[Start of Attachment]
lemma excess_class_sum_eq_poly:
  assumes "m \<noteq> 0"
  shows "(\<Sum>t\<in>excess_class c w d e. c t * umonomial t 1 (real m) (real m * (real m - 1)))
    = real m ^ (2 * d - e) * ((real m - 1) / real m) ^ (d - e)
      * poly (excess_class_poly c w d e) ((real m - 1) / real m)"
proof -
  let ?z = "(real m - 1) / real m"
  have "umonomial t 1 (real m) (real m * (real m - 1))
      = real m ^ (2 * d - e) * ?z ^ (d - e) * ?z ^ (snd (snd (snd t)) - (d - e))"
    if "t \<in> excess_class c w d e" for t
    using that
  proof (rule excess_classE)
    fix a i j k assume t: "t = (a, i, j, k)" "i + j + k = d" "2 * i + j = e"
    have m0: "real m \<noteq> 0"
      using assms by simp
    have e1: "j + 2 * k = 2 * d - e" and e2: "?z ^ k = ?z ^ (d - e) * ?z ^ (k - (d - e))"
      using t by (auto simp flip: power_add)
    show ?thesis
      by (simp only: t(1) snd_conv umonomial_root_lead [OF m0] e1 e2 mult.assoc)
  qed
  then show ?thesis
    unfolding excess_class_poly_def poly_sum poly_monom sum_distrib_left
    by (intro sum.cong refl) (simp add: mult_ac)
qed

lemma coeff_excess_class_poly:
  assumes "finite (component c w d)" "t \<in> excess_class c w d e"
  shows "coeff (excess_class_poly c w d e) (snd (snd (snd t)) - (d - e)) = c t"
proof -
  have inj: "inj_on (\<lambda>t. snd (snd (snd t)) - (d - e)) (excess_class c w d e)"
  proof (rule inj_onI)
    fix t t' assume t: "t \<in> excess_class c w d e" and t': "t' \<in> excess_class c w d e"
      and "snd (snd (snd t)) - (d - e) = snd (snd (snd t')) - (d - e)"
    moreover have "d - e \<le> snd (snd (snd t))" "d - e \<le> snd (snd (snd t'))"
      using t t' by (auto elim!: excess_classE)
    ultimately have "snd (snd (snd t)) = snd (snd (snd t'))"
      by simp
    then show "t = t'"
      using inj_onD [OF inj_on_excess_class _ t t'] by blast
  qed
  have "finite (excess_class c w d e)"
    using assms(1) by (simp add: excess_class_def)
  from coeff_sum_monom_inj [OF this inj assms(2)] show ?thesis
    unfolding excess_class_poly_def .
qed

lemma inj_on_pred_ratio: "inj_on (\<lambda>m::nat. (real m - 1) / real m) {0<..}"
proof (rule inj_onI)
  fix x y :: nat assume "x \<in> {0<..}" "y \<in> {0<..}" "(real x - 1) / real x = (real y - 1) / real y"
  then have "(real x - 1) * real y = (real y - 1) * real x"
    by (simp add: frac_eq_eq)
  then show "x = y" by (simp add: algebra_simps)
qed

lemma excess_class_eq_empty:
  assumes fin: "finite (component c w d)"
    and M: "finite M" "\<forall>m\<in>M. 2 \<le> m" "(2 * d - e) div 2 - (d - e) < card M"
    and vanish: "\<And>m. m \<in> M \<Longrightarrow>
      (\<Sum>t\<in>excess_class c w d e. c t * umonomial t 1 (real m) (real m * (real m - 1))) = 0"
  shows "excess_class c w d e = {}"
proof -
  let ?z = "\<lambda>m. (real m - 1) / real m"
  have "poly (excess_class_poly c w d e) (?z m) = 0" if "m \<in> M" for m
  proof -
    have "real m \<noteq> 0" "?z m \<noteq> 0"
      using M(2) that by auto
    then show ?thesis
      using vanish [OF that] excess_class_sum_eq_poly [of m c w d e] by simp
  qed
  moreover have "card (?z ` M) = card M"
    using M(2) by (intro card_image inj_on_subset [OF inj_on_pred_ratio]) auto
  ultimately have "excess_class_poly c w d e = 0"
    using degree_excess_class_poly [OF fin, of e] M(3)
    by (intro poly_eqI_degree [of "?z ` M"]) auto
  then have "c t = 0" if "t \<in> excess_class c w d e" for t
    using coeff_excess_class_poly [OF fin that] by simp
  moreover have "c t \<noteq> 0" if "t \<in> excess_class c w d e" for t
    using that by (simp add: excess_class_def component_def)
  ultimately show ?thesis
    by blast
qed

lemma low_weight_root_order_gt:
  fixes n d e :: nat and w :: int
  assumes "5 \<le> n" "2 \<le> d" "int e \<le> w + 2 * int d" "w + int (n * d) \<le> int (2 * d + n)"
  defines "L \<equiv> (2 * d - e) div 2 - (d - e)"
  shows "2 \<le> n - L" "n < (n - L - 2) * d + e"
proof -
  have "2 * ((2 * d - e) div 2) \<le> 2 * d - e" by simp
  then have L_le: "2 * L \<le> e"
    unfolding L_def by arith
  have e_le: "int e + int n * int d \<le> 4 * int d + int n"
    using assms(3,4) by simp
  have "5 * int d \<le> int n * int d"
    using assms(1) by (intro mult_right_mono) auto
  with e_le assms(2) L_le show L2: "2 \<le> n - L"
    by linarith
  have h1: "2 * int L * int d \<le> int e * int d"
    using L_le by (intro mult_right_mono) auto
  have h2: "int e * (int d - 2) \<le> (4 * int d + int n - int n * int d) * (int d - 2)"
    using e_le assms(2) by (intro mult_right_mono) auto
  have h3: "0 < int d * (int n - 4) * (int d - 1)"
    using assms(1,2) by simp
  have "int n < (int n - int L - 2) * int d + int e"
    using h1 h2 h3 by (simp add: algebra_simps)
  moreover have "int ((n - L - 2) * d + e) = (int n - int L - 2) * int d + int e"
    using L2 by (simp add: of_nat_diff)
  ultimately show "n < (n - L - 2) * d + e"
    by linarith
qed

lemma component_eq_empty_if_low_weight:
  assumes fin: "opoly_finite c" and pres: "preserves_Pn c n"
    and "5 \<le> n" "2 \<le> d" "w + int (n * d) \<le> int (2 * d + n)"
  shows "component c w d = {}"
proof -
  have "excess_class c w d e = {}" for e
  proof (induction e rule: less_induct)
    case (less e)
    then have lower: "\<forall>t\<in>component c w d. e \<le> excess t"
      unfolding excess_class_def using not_le by blast
    show ?case
    proof (rule ccontr)
      assume "excess_class c w d e \<noteq> {}"
      then have e_le: "int e \<le> w + 2 * int d"
        by (auto elim!: excess_classE)
      define L where "L = (2 * d - e) div 2 - (d - e)"
      note count = low_weight_root_order_gt [OF assms(3,4) e_le assms(5), folded L_def]
      have "excess_class c w d e = {}"
      proof (rule excess_class_eq_empty [OF finite_component [OF fin], of "{n - L..n}"])
        show "\<forall>m\<in>{n - L..n}. 2 \<le> m"
          using count(1) by auto
        have "card {n - L..n} = Suc L"
          using count(1) by simp
        then show "(2 * d - e) div 2 - (d - e) < card {n - L..n}"
          by (simp flip: L_def)
      next
        fix m assume m: "m \<in> {n - L..n}"
        have "degree (op_component c w d ([:-1, 1:] ^ m)) \<le> n"
          using m by (intro degree_op_component_le [OF fin pres]) (simp add: degree_linear_power)
        moreover have "n < (m - 2) * d + e"
          using m count(2) by (meson atLeastAtMost_iff diff_le_mono le_trans mult_le_mono1 add_le_mono1 not_le)
        ultimately show "(\<Sum>t\<in>excess_class c w d e.
            c t * umonomial t 1 (real m) (real m * (real m - 1))) = 0"
          using m count(1) lower
          by (intro lowest_excess_sum_eq_0 [OF finite_component [OF fin]]) auto
      qed simp
      with \<open>excess_class c w d e \<noteq> {}\<close> show False by simp
    qed
  qed
  then show ?thesis
    unfolding excess_class_def by blast
qed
[End of Attachment]
*What the exercise asks:*
Every line of the data above should be copied exactly.

*Task solution:*
lemma excess_class_sum_eq_poly:
  assumes "m \<noteq> 0"
  shows "(\<Sum>t\<in>excess_class c w d e. c t * umonomial t 1 (real m) (real m * (real m - 1)))
    = real m ^ (2 * d - e) * ((real m - 1) / real m) ^ (d - e)
      * poly (excess_class_poly c w d e) ((real m - 1) / real m)"
proof -
  let ?z = "(real m - 1) / real m"
  have "umonomial t 1 (real m) (real m * (real m - 1))
      = real m ^ (2 * d - e) * ?z ^ (d - e) * ?z ^ (snd (snd (snd t)) - (d - e))"
    if "t \<in> excess_class c w d e" for t
    using that
  proof (rule excess_classE)
    fix a i j k assume t: "t = (a, i, j, k)" "i + j + k = d" "2 * i + j = e"
    have m0: "real m \<noteq> 0"
      using assms by simp
    have e1: "j + 2 * k = 2 * d - e" and e2: "?z ^ k = ?z ^ (d - e) * ?z ^ (k - (d - e))"
      using t by (auto simp flip: power_add)
    show ?thesis
      by (simp only: t(1) snd_conv umonomial_root_lead [OF m0] e1 e2 mult.assoc)
  qed
  then show ?thesis
    unfolding excess_class_poly_def poly_sum poly_monom sum_distrib_left
    by (intro sum.cong refl) (simp add: mult_ac)
qed

lemma coeff_excess_class_poly:
  assumes "finite (component c w d)" "t \<in> excess_class c w d e"
  shows "coeff (excess_class_poly c w d e) (snd (snd (snd t)) - (d - e)) = c t"
proof -
  have inj: "inj_on (\<lambda>t. snd (snd (snd t)) - (d - e)) (excess_class c w d e)"
  proof (rule inj_onI)
    fix t t' assume t: "t \<in> excess_class c w d e" and t': "t' \<in> excess_class c w d e"
      and "snd (snd (snd t)) - (d - e) = snd (snd (snd t')) - (d - e)"
    moreover have "d - e \<le> snd (snd (snd t))" "d - e \<le> snd (snd (snd t'))"
      using t t' by (auto elim!: excess_classE)
    ultimately have "snd (snd (snd t)) = snd (snd (snd t'))"
      by simp
    then show "t = t'"
      using inj_onD [OF inj_on_excess_class _ t t'] by blast
  qed
  have "finite (excess_class c w d e)"
    using assms(1) by (simp add: excess_class_def)
  from coeff_sum_monom_inj [OF this inj assms(2)] show ?thesis
    unfolding excess_class_poly_def .
qed

lemma inj_on_pred_ratio: "inj_on (\<lambda>m::nat. (real m - 1) / real m) {0<..}"
proof (rule inj_onI)
  fix x y :: nat assume "x \<in> {0<..}" "y \<in> {0<..}" "(real x - 1) / real x = (real y - 1) / real y"
  then have "(real x - 1) * real y = (real y - 1) * real x"
    by (simp add: frac_eq_eq)
  then show "x = y" by (simp add: algebra_simps)
qed

lemma excess_class_eq_empty:
  assumes fin: "finite (component c w d)"
    and M: "finite M" "\<forall>m\<in>M. 2 \<le> m" "(2 * d - e) div 2 - (d - e) < card M"
    and vanish: "\<And>m. m \<in> M \<Longrightarrow>
      (\<Sum>t\<in>excess_class c w d e. c t * umonomial t 1 (real m) (real m * (real m - 1))) = 0"
  shows "excess_class c w d e = {}"
proof -
  let ?z = "\<lambda>m. (real m - 1) / real m"
  have "poly (excess_class_poly c w d e) (?z m) = 0" if "m \<in> M" for m
  proof -
    have "real m \<noteq> 0" "?z m \<noteq> 0"
      using M(2) that by auto
    then show ?thesis
      using vanish [OF that] excess_class_sum_eq_poly [of m c w d e] by simp
  qed
  moreover have "card (?z ` M) = card M"
    using M(2) by (intro card_image inj_on_subset [OF inj_on_pred_ratio]) auto
  ultimately have "excess_class_poly c w d e = 0"
    using degree_excess_class_poly [OF fin, of e] M(3)
    by (intro poly_eqI_degree [of "?z ` M"]) auto
  then have "c t = 0" if "t \<in> excess_class c w d e" for t
    using coeff_excess_class_poly [OF fin that] by simp
  moreover have "c t \<noteq> 0" if "t \<in> excess_class c w d e" for t
    using that by (simp add: excess_class_def component_def)
  ultimately show ?thesis
    by blast
qed

lemma low_weight_root_order_gt:
  fixes n d e :: nat and w :: int
  assumes "5 \<le> n" "2 \<le> d" "int e \<le> w + 2 * int d" "w + int (n * d) \<le> int (2 * d + n)"
  defines "L \<equiv> (2 * d - e) div 2 - (d - e)"
  shows "2 \<le> n - L" "n < (n - L - 2) * d + e"
proof -
  have "2 * ((2 * d - e) div 2) \<le> 2 * d - e" by simp
  then have L_le: "2 * L \<le> e"
    unfolding L_def by arith
  have e_le: "int e + int n * int d \<le> 4 * int d + int n"
    using assms(3,4) by simp
  have "5 * int d \<le> int n * int d"
    using assms(1) by (intro mult_right_mono) auto
  with e_le assms(2) L_le show L2: "2 \<le> n - L"
    by linarith
  have h1: "2 * int L * int d \<le> int e * int d"
    using L_le by (intro mult_right_mono) auto
  have h2: "int e * (int d - 2) \<le> (4 * int d + int n - int n * int d) * (int d - 2)"
    using e_le assms(2) by (intro mult_right_mono) auto
  have h3: "0 < int d * (int n - 4) * (int d - 1)"
    using assms(1,2) by simp
  have "int n < (int n - int L - 2) * int d + int e"
    using h1 h2 h3 by (simp add: algebra_simps)
  moreover have "int ((n - L - 2) * d + e) = (int n - int L - 2) * int d + int e"
    using L2 by (simp add: of_nat_diff)
  ultimately show "n < (n - L - 2) * d + e"
    by linarith
qed

lemma component_eq_empty_if_low_weight:
  assumes fin: "opoly_finite c" and pres: "preserves_Pn c n"
    and "5 \<le> n" "2 \<le> d" "w + int (n * d) \<le> int (2 * d + n)"
  shows "component c w d = {}"
proof -
  have "excess_class c w d e = {}" for e
  proof (induction e rule: less_induct)
    case (less e)
    then have lower: "\<forall>t\<in>component c w d. e \<le> excess t"
      unfolding excess_class_def using not_le by blast
    show ?case
    proof (rule ccontr)
      assume "excess_class c w d e \<noteq> {}"
      then have e_le: "int e \<le> w + 2 * int d"
        by (auto elim!: excess_classE)
      define L where "L = (2 * d - e) div 2 - (d - e)"
      note count = low_weight_root_order_gt [OF assms(3,4) e_le assms(5), folded L_def]
      have "excess_class c w d e = {}"
      proof (rule excess_class_eq_empty [OF finite_component [OF fin], of "{n - L..n}"])
        show "\<forall>m\<in>{n - L..n}. 2 \<le> m"
          using count(1) by auto
        have "card {n - L..n} = Suc L"
          using count(1) by simp
        then show "(2 * d - e) div 2 - (d - e) < card {n - L..n}"
          by (simp flip: L_def)
      next
        fix m assume m: "m \<in> {n - L..n}"
        have "degree (op_component c w d ([:-1, 1:] ^ m)) \<le> n"
          using m by (intro degree_op_component_le [OF fin pres]) (simp add: degree_linear_power)
        moreover have "n < (m - 2) * d + e"
          using m count(2) by (meson atLeastAtMost_iff diff_le_mono le_trans mult_le_mono1 add_le_mono1 not_le)
        ultimately show "(\<Sum>t\<in>excess_class c w d e.
            c t * umonomial t 1 (real m) (real m * (real m - 1))) = 0"
          using m count(1) lower
          by (intro lowest_excess_sum_eq_0 [OF finite_component [OF fin]]) auto
      qed simp
      with \<open>excess_class c w d e \<noteq> {}\<close> show False by simp
    qed
  qed
  then show ?thesis
    unfolding excess_class_def by blast
qed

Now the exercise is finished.